3. This led to a spate of litigation, pressing the Indian Overseas Bank’s case some taxing authorities in some cases took revisional and rectificatory actions. These reached various High Courts. The Gujarat High Court in Surat Textile Mills Ltd. vs. Commissioner of Income-tax, Gujarat 80 ITR P.1 opted for what may be called a narrow view in assuming that besides Explanation (a) reproduced above explanations (b) and (c) as well too stood wiped out by Indian Overseas Bank’s case. In these circumstances the Central Board of Direct Taxes took the step of withdrawing in the year 1972 the Circular dated October 14, 1965 to the extent it stood superseeded by decision in Indian Overseas Bank’s case and the judgment of the Gujarat High Court in Surat Textile Mills Ltd. vs. Commissioner of Income tax.

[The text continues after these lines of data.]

(* Let $G$ be a bipartite cactus graph with $n\ge4$ vertices and $m$ edges, with degree sequence $d$, and suppose $\beta\ge 1$, where $\beta=\max\{\mu_1,\tfrac12(\mu_1+\mu_{odd})\}$. Then $m\le \left\lfloor\frac{4(n-1)-\beta}{3}\right\rfloor$.
   Context: A cactus graph is a connected simple graph in which every edge belongs to at most one cycle; a bi-cactus is a bipartite cactus. For the degree sequence $d$, $\mu_1$ is the number of entries equal to $1$ and $\mu_{odd}$ is the number of entries that are odd integers greater than $1$. *)

theory Defs
  imports Complex_Main
begin

definition simple_graph :: "'a set \<Rightarrow> 'a set set \<Rightarrow> bool" where
  "simple_graph V E \<longleftrightarrow> finite V \<and> (\<forall>e\<in>E. e \<subseteq> V \<and> card e = 2)"

definition is_walk :: "'a set set \<Rightarrow> 'a list \<Rightarrow> bool" where
  "is_walk E xs \<longleftrightarrow> xs \<noteq> [] \<and> (\<forall>i. Suc i < length xs \<longrightarrow> {xs ! i, xs ! Suc i} \<in> E)"

definition connected_graph :: "'a set \<Rightarrow> 'a set set \<Rightarrow> bool" where
  "connected_graph V E \<longleftrightarrow>
     (\<forall>u\<in>V. \<forall>v\<in>V. \<exists>xs. is_walk E xs \<and> hd xs = u \<and> last xs = v)"

text \<open>A cycle is given by a list of distinct vertices v0,...,v(k-1), k >= 3,
with v(i) v(i+1) adjacent (indices mod k); as a subgraph it is determined by its edge set.\<close>

definition is_cycle :: "'a set set \<Rightarrow> 'a list \<Rightarrow> bool" where
  "is_cycle E xs \<longleftrightarrow> length xs \<ge> 3 \<and> distinct xs \<and>
     (\<forall>i < length xs. {xs ! i, xs ! ((Suc i) mod length xs)} \<in> E)"

definition cycle_edges :: "'a list \<Rightarrow> 'a set set" where
  "cycle_edges xs = {{xs ! i, xs ! ((Suc i) mod length xs)} | i. i < length xs}"

definition cactus :: "'a set \<Rightarrow> 'a set set \<Rightarrow> bool" where
  "cactus V E \<longleftrightarrow> simple_graph V E \<and> connected_graph V E \<and>
     (\<forall>e\<in>E. \<forall>C1 C2. is_cycle E C1 \<and> is_cycle E C2 \<and>
        e \<in> cycle_edges C1 \<and> e \<in> cycle_edges C2 \<longrightarrow> cycle_edges C1 = cycle_edges C2)"

definition bipartite :: "'a set \<Rightarrow> 'a set set \<Rightarrow> bool" where
  "bipartite V E \<longleftrightarrow> (\<exists>X. X \<subseteq> V \<and> (\<forall>e\<in>E. card (e \<inter> X) = 1))"

definition bi_cactus :: "'a set \<Rightarrow> 'a set set \<Rightarrow> bool" where
  "bi_cactus V E \<longleftrightarrow> cactus V E \<and> bipartite V E"

definition degree :: "'a set set \<Rightarrow> 'a \<Rightarrow> nat" where
  "degree E v = card {e\<in>E. v \<in> e}"

definition mu1 :: "'a set \<Rightarrow> 'a set set \<Rightarrow> nat" where
  "mu1 V E = card {v\<in>V. degree E v = 1}"

definition mu_odd :: "'a set \<Rightarrow> 'a set set \<Rightarrow> nat" where
  "mu_odd V E = card {v\<in>V. odd (degree E v) \<and> degree E v > 1}"

definition beta :: "'a set \<Rightarrow> 'a set set \<Rightarrow> real" where
  "beta V E = max (real (mu1 V E)) ((real (mu1 V E) + real (mu_odd V E)) / 2)"

end

theory Submission
  imports Defs
begin

text \<open>The cycles of a cactus are edge-disjoint, and in a bipartite graph they have length
  at least 4. Deleting one edge from each of the c cycles leaves a forest, so m - c \<le> n - 1;
  the b bridges and the edges of the cycles give m \<ge> b + 4 c. Together, 3 m + b \<le> 4 (n - 1).
  It remains to see \<beta> \<le> b. The edge at a leaf is a bridge, and for n \<ge> 3 distinct leaves
  have distinct edges, so mu1 \<le> b. A vertex on no bridge has even degree, so all
  odd-degree vertices are endpoints of bridges, whence mu1 + mu_odd \<le> 2 b.\<close>

definition next_index :: "nat \<Rightarrow> nat \<Rightarrow> nat" where
  "next_index k i = (if Suc i = k then 0 else Suc i)"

4. Other High Courts took what may be called a broader view. The trend of reasoning in those cases was that explanation (a) only was done away with by this Court in Indian Overseas Bank’s case but explanations (b) and (c) were still alive. In this connection Veerabhadra Iron Foundary & Anr. vs. Commissioner of Income Tax, 69 ITR 425, Tata Iron and Steel Co. Ltd. vs. N.C. Upadhyaya, ITR p.1 and The Commissioner of Income Tax vs. Sardar Singh, 86 ITR 387 (Punjab) may be seen.

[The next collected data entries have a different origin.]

(* Let $G$ be a finite, simple, undirected, connected graph with at least two vertices and let $v \in V(G)$. The following statements are equivalent: (i) $v$ is the $\mathcal{L}$-root leaf of some DFS ordering of $G$ starting in $v$; (ii) $v$ is the $\mathcal{L}$-root leaf of every DFS ordering of $G$ starting in $v$; (iii) $v$ is the $\mathcal{L}$-root leaf of some MCS ordering of $G$; (iv) $v$ is the $\mathcal{L}$-root leaf of some GS ordering of $G$; (v) $v$ is an $\mathcal{L}$-branch leaf of some GS ordering of $G$; (vi) $v$ is an $\mathcal{F}$-branch leaf of some GS ordering of $G$; (vii) $v$ is the end-vertex (last vertex) of some GS ordering of $G$; (viii) $v$ is not a cut vertex of $G$.
   Context: A vertex ordering of $G$ is a bijection $\sigma:\{1,\dots,n\}\to V(G)$; $u \prec_\sigma w$ means $u$ comes before $w$. Searches are defined by the following label search: initially every vertex has label $\emptyset$; for $i=1,\dots,n$, choose any unnumbered vertex $x$ such that there is no unnumbered $y$ with $\mathrm{label}(x) \prec_{\mathcal{A}} \mathrm{label}(y)$, set $\sigma(i)=x$, and add $i$ to the labels of all unnumbered neighbors of $x$. The orderings produced this way are the $\mathcal{A}$-orderings. Generic Search (GS): $A \prec B$ iff $A=\emptyset$ and $B\neq\emptyset$. Depth First Search (DFS): $A \prec B$ iff ($A=\emptyset$ and $B\neq\emptyset$) or $\max(A)<\max(B)$. Maximum Cardinality Search (MCS): $A \prec B$ iff $|A|<|B|$. For a GS ordering $\sigma$ of a connected graph $G$, the $\mathcal{F}$-tree of $\sigma$ is the spanning tree containing, for each vertex $v\neq\sigma(1)$, the edge from $v$ to its leftmost neighbor in $\sigma$; the $\mathcal{L}$-tree of $\sigma$ contains, for each $v \neq \sigma(1)$, the edge from $v$ to its rightmost neighbor $w$ with $w \prec_\sigma v$. A vertex is an $\mathcal{F}$-leaf ($\mathcal{L}$-leaf) of $\sigma$ if it is a leaf of the $\mathcal{F}$-tree ($\mathcal{L}$-tree) of $\sigma$; it is the $\mathcal{F}$-root leaf ($\mathcal{L}$-root leaf) if additionally it is $\sigma(1)$, and an $\mathcal{F}$-branch leaf ($\mathcal{L}$-branch leaf) otherwise. *)

theory Defs
  imports Main
begin

definition simple_graph :: "'a set \<Rightarrow> ('a \<Rightarrow> 'a \<Rightarrow> bool) \<Rightarrow> bool" where
  "simple_graph V E \<longleftrightarrow> finite V \<and> (\<forall>x y. E x y \<longrightarrow> E y x) \<and> (\<forall>x. \<not> E x x)
     \<and> (\<forall>x y. E x y \<longrightarrow> x \<in> V \<and> y \<in> V)"

definition connected_on :: "'a set \<Rightarrow> ('a \<Rightarrow> 'a \<Rightarrow> bool) \<Rightarrow> bool" where
  "connected_on S E \<longleftrightarrow>
     (\<forall>u\<in>S. \<forall>w\<in>S. (\<lambda>x y. E x y \<and> x \<in> S \<and> y \<in> S)\<^sup>*\<^sup>* u w)"

definition cut_vertex :: "'a set \<Rightarrow> ('a \<Rightarrow> 'a \<Rightarrow> bool) \<Rightarrow> 'a \<Rightarrow> bool" where
  "cut_vertex V E v \<longleftrightarrow> v \<in> V \<and> \<not> connected_on (V - {v}) E"

text \<open>Vertex orderings are lists sigma; sigma(i) (1-based) is sigma ! (i-1).\<close>
definition vertex_ordering :: "'a set \<Rightarrow> 'a list \<Rightarrow> bool" where
  "vertex_ordering V \<sigma> \<longleftrightarrow> distinct \<sigma> \<and> set \<sigma> = V"

text \<open>Label of an unnumbered vertex x just before step i+1 (i.e. after sigma(1..i) are
  numbered): the set of numbers j \<le> i such that sigma(j) is a neighbour of x.\<close>
definition lbl :: "('a \<Rightarrow> 'a \<Rightarrow> bool) \<Rightarrow> 'a list \<Rightarrow> nat \<Rightarrow> 'a \<Rightarrow> nat set" where
  "lbl E \<sigma> i x = {Suc j | j. j < i \<and> E (\<sigma> ! j) x}"

definition label_search_ordering ::
  "(nat set \<Rightarrow> nat set \<Rightarrow> bool) \<Rightarrow> 'a set \<Rightarrow> ('a \<Rightarrow> 'a \<Rightarrow> bool) \<Rightarrow> 'a list \<Rightarrow> bool" where
  "label_search_ordering prec V E \<sigma> \<longleftrightarrow> vertex_ordering V \<sigma> \<and>
     (\<forall>i < length \<sigma>. \<forall>y \<in> set (drop (Suc i) \<sigma>).
        \<not> prec (lbl E \<sigma> i (\<sigma> ! i)) (lbl E \<sigma> i y))"

definition gs_prec :: "nat set \<Rightarrow> nat set \<Rightarrow> bool" where
  "gs_prec A B \<longleftrightarrow> A = {} \<and> B \<noteq> {}"

definition dfs_prec :: "nat set \<Rightarrow> nat set \<Rightarrow> bool" where
  "dfs_prec A B \<longleftrightarrow> (A = {} \<and> B \<noteq> {}) \<or> (A \<noteq> {} \<and> B \<noteq> {} \<and> Max A < Max B)"

definition mcs_prec :: "nat set \<Rightarrow> nat set \<Rightarrow> bool" where
  "mcs_prec A B \<longleftrightarrow> card A < card B"

abbreviation "GS_ordering \<equiv> label_search_ordering gs_prec"
abbreviation "DFS_ordering \<equiv> label_search_ordering dfs_prec"
abbreviation "MCS_ordering \<equiv> label_search_ordering mcs_prec"

definition F_parent :: "('a \<Rightarrow> 'a \<Rightarrow> bool) \<Rightarrow> 'a list \<Rightarrow> 'a \<Rightarrow> 'a" where
  "F_parent E \<sigma> v = hd (filter (E v) \<sigma>)"

definition L_parent :: "('a \<Rightarrow> 'a \<Rightarrow> bool) \<Rightarrow> 'a list \<Rightarrow> 'a \<Rightarrow> 'a" where
  "L_parent E \<sigma> v = last (filter (E v) (takeWhile (\<lambda>x. x \<noteq> v) \<sigma>))"

definition tree_edge :: "'a list \<Rightarrow> ('a \<Rightarrow> 'a) \<Rightarrow> 'a \<Rightarrow> 'a \<Rightarrow> bool" where
  "tree_edge \<sigma> p u w \<longleftrightarrow> (u \<in> set \<sigma> \<and> u \<noteq> hd \<sigma> \<and> w = p u) \<or> (w \<in> set \<sigma> \<and> w \<noteq> hd \<sigma> \<and> u = p w)"

definition tree_leaf :: "'a list \<Rightarrow> ('a \<Rightarrow> 'a) \<Rightarrow> 'a \<Rightarrow> bool" where
  "tree_leaf \<sigma> p v \<longleftrightarrow> v \<in> set \<sigma> \<and> card {w \<in> set \<sigma>. tree_edge \<sigma> p v w} = 1"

5. In the face of such difference of opinion, it was represented to the Board that earlier instructions dated October 14, 1965 represented the correct position of law and that the withdrawal to the extent it was presumed to be overruled by this Court in Indian Overseas Bank’s case had created unnecessary hardship to the assessees.

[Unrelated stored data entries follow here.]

lemma touching_zero_at_peak:
  assumes "-q < m" "\<And>x. -q < x \<Longrightarrow> x < m \<Longrightarrow> 0 < g' x" "\<And>x. m < x \<Longrightarrow> g' x < 0"
    and "g m = 0"
  shows "{x \<in> {-q<..}. g x = 0} = {m} \<and> touching_zero g m"
proof
  have "x = m" if "-q < x" "g x = 0" for x
    using g_less_peak[OF assms(1-3) that(1)] that(2) assms(4) by (cases "x = m") simp_all
  then show "{x \<in> {-q<..}. g x = 0} = {m}"
    using assms(1,4) by blast
  have "g x < g m" if "\<bar>x - m\<bar> < m + q" "x \<noteq> m" for x
    using that by (intro g_less_peak[OF assms(1-3)]) (auto simp: abs_less_iff)
  moreover have "0 < m + q"
    using assms(1) by simp
  ultimately show "touching_zero g m"
    using touching_zero_if_strict_local_max[OF has_real_derivative_g[OF assms(1)] assms(4)]
    by blast
qed

lemma two_zeros_around_peak:
  assumes "-q < m" "\<And>x. -q < x \<Longrightarrow> x < m \<Longrightarrow> 0 < g' x" "\<And>x. m < x \<Longrightarrow> g' x < 0"
    and "0 < g m" "c < 0"
  shows "\<exists>x0 x1. x0 \<noteq> x1 \<and> {x \<in> {-q<..}. g x = 0} = {x0, x1}
           \<and> simple_zero g x0 \<and> simple_zero g x1"
proof -
  obtain x0 where x0: "-q < x0" "x0 < m" "simple_zero g x0"
    and unique0: "\<And>x. -q < x \<Longrightarrow> x \<le> m \<Longrightarrow> g x = 0 \<Longrightarrow> x = x0"
    using unique_zero_below[OF assms(1,4,2)] by blast
  obtain x1 where x1: "m < x1" "simple_zero g x1"
    and unique1: "\<And>x. m \<le> x \<Longrightarrow> g x = 0 \<Longrightarrow> x = x1"
    using unique_zero_above[OF assms(1,4,5,3)] by blast
  have "x = x0 \<or> x = x1" if "-q < x" "g x = 0" for x
    using unique0[of x] unique1[of x] that by (cases "x \<le> m") simp_all
  moreover have "g x0 = 0" "g x1 = 0"
    using x0(3) x1(2) by (simp_all add: simple_zero_def)
  moreover have "-q < x1" "x0 \<noteq> x1"
    using x0(2) x1(1) assms(1) by simp_all
  ultimately have "{x \<in> {-q<..}. g x = 0} = {x0, x1}"
    using x0(1) by blast
  then show ?thesis
    using \<open>x0 \<noteq> x1\<close> x0(3) x1(2) by blast
qed

lemma zeros_g_if_limit_neg:
  assumes "c < 0" "{x \<in> {-q<..}. g x = 0} \<noteq> {}"
  shows "(\<exists>x0 x1. x0 \<noteq> x1 \<and> {x \<in> {-q<..}. g x = 0} = {x0, x1}
            \<and> simple_zero g x0 \<and> simple_zero g x1)
      \<or> (\<exists>x0. {x \<in> {-q<..}. g x = 0} = {x0} \<and> touching_zero g x0)"
proof -
  obtain y where y: "-q < y" "g y = 0"
    using assms(2) by auto
  show ?thesis
  proof (cases rule: g'_sign_cases)
    case increasing
    have "g y < c"
      by (rule g_less_limit[OF y(1)]) (use y(1) in \<open>auto intro: increasing\<close>)
    with y(2) assms(1) show ?thesis
      by simp
  next
    case (unimodal m)
    have "0 \<le> g m"
      using g_less_peak[OF unimodal y(1)] y(2) by (cases "y = m") auto
    then consider "g m = 0" | "0 < g m"
      by linarith
    then show ?thesis
    proof cases
      case 1
      then show ?thesis
        using touching_zero_at_peak[OF unimodal] by blast
    next
      case 2
      then show ?thesis
        using two_zeros_around_peak[OF unimodal _ assms(1)] by blast
    qed
  qed
qed

end

definition zero_configuration ::
    "(real \<Rightarrow> real) \<Rightarrow> real set \<Rightarrow> (real \<Rightarrow> real) \<Rightarrow> real set \<Rightarrow> bool" where
  "zero_configuration F I H J \<longleftrightarrow>
     (\<exists>x0 x1. x0 \<noteq> x1 \<and> {x \<in> I. F x = 0} = {x0, x1} \<and> simple_zero F x0 \<and> simple_zero F x1
        \<and> {x \<in> J. H x = 0} = {}) \<or>
     (\<exists>x0. {x \<in> I. F x = 0} = {x0} \<and> touching_zero F x0 \<and> {x \<in> J. H x = 0} = {}) \<or>
     (\<exists>x0 x1. {x \<in> I. F x = 0} = {x0} \<and> simple_zero F x0
        \<and> {x \<in> J. H x = 0} = {x1} \<and> simple_zero H x1)"

lemma zero_configuration_uminus:
  "zero_configuration F I H J \<Longrightarrow> zero_configuration (\<lambda>x. - F x) I (\<lambda>x. - H x) J"
  unfolding zero_configuration_def neg_equal_0_iff_equal
  by (blast intro: simple_zero_uminus touching_zero_uminus)

lemma zero_configuration_fcheck_fhat_ordered:
  assumes "strongly_hyperbolic f1" "strongly_hyperbolic f2" "0 < a1" "0 < a2" "b2 < b1" "c1 \<noteq> c2"
    and "{x \<in> {max (-b1) (-b2)<..}. fcheck f1 a1 a2 b1 b2 c1 c2 x = 0} \<noteq> {}"
  shows "zero_configuration (fcheck f1 a1 a2 b1 b2 c1 c2) {max (-b1) (-b2)<..}
           (fhat f2 a1 a2 b1 b2 c1 c2) {..<min (-b1) (-b2)}"
proof -
  interpret check: hyperbolic_difference f1 a1 a2 b1 b2 "c1 - c2"
    using assms by unfold_locales
  interpret hat: hyperbolic_difference f2 a2 a1 "- b2" "- b1" "c1 - c2"
    using assms by unfold_locales auto
  have "fcheck f1 a1 a2 b1 b2 c1 c2 = check.g" "fhat f2 a1 a2 b1 b2 c1 c2 = (\<lambda>x. hat.g (- x))"
    by (simp_all add: fun_eq_iff fcheck_def fhat_def check.g_def hat.g_def)
  moreover have "max (-b1) (-b2) = - b2" "min (-b1) (-b2) = - b1"
    using assms(5) by simp_all
  moreover note zeros_reflect[of b1 hat.g]
  ultimately have reduce: "zero_configuration check.g {- b2<..} (\<lambda>x. hat.g (- x)) {..< - b1}
      \<Longrightarrow> ?thesis" "{x \<in> {- b2<..}. check.g x = 0} \<noteq> {}"
    and hat_zeros: "{x \<in> {..< - b1}. hat.g (- x) = 0} = uminus ` {x \<in> {b1<..}. hat.g x = 0}"
    using assms(7) by simp_all
  show ?thesis
  proof (cases "c2 < c1")
    case True
    obtain x0 where "{x \<in> {- b2<..}. check.g x = 0} = {x0}" "simple_zero check.g x0"
      using check.zeros_g_if_limit_pos True by auto
    moreover obtain y0 where "{x \<in> {b1<..}. hat.g x = 0} = {y0}" "simple_zero hat.g y0"
      using hat.zeros_g_if_limit_pos True by auto
    ultimately show ?thesis
      using hat_zeros simple_zero_reflect[of hat.g y0]
      by (intro reduce(1)) (auto simp: zero_configuration_def)
  next
    case False
    with assms(6) have "c1 - c2 < 0"
      by simp
    then have "a2 < a1"
      using check.no_zeros_g reduce(2) by (cases "a1 \<le> a2") auto
    then have "{x \<in> {b1<..}. hat.g x = 0} = {}"
      using hat.no_zeros_g \<open>c1 - c2 < 0\<close> by simp
    then show ?thesis
      using check.zeros_g_if_limit_neg[OF \<open>c1 - c2 < 0\<close> reduce(2)] hat_zeros
      by (intro reduce(1)) (auto simp: zero_configuration_def)
  qed
qed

6. It appears that the instant case, out of which this appeal has arisen, was decided by the Allahabad High Court taking the broader view, Special leave was sought by the Revenue from this Court on the question of resolving the conflict between the two views. Leave was granted at a time when the Board itself had clarified the matter vide Circular No.189 dated 30th January, 1986 of which hint has been left earlier. The Board states to have re-examined the issue involved coming to the view that except the clarification given in paragraph (a) above, which stood superseeded by the decision of this Court in Indian Overseas Bank’s Case, the clarifications given in paragraphs (b) and (c) quoted above hold good. It can thus legitimately be stated that the Board has itself opted for the view expressed in Tata Iron and Steel Companies’ case and other cases of the kind taking the broader view in the matter. When the Board has itself opted for that view and that view is being followed by Income Tax authorities concerned, we see no reason to do the exercise of taking any side of the two views and leave the matter at that. It is undisputed that the Board’s view is not only valid under the new Income Tax Act of 1961 but to the Indian Income tax Act, 1922 as well.
7. For the foregoing discussions this appeal fails and the judgment of the High Court is left untouched. In the circumstances of the case there will be no order as to costs.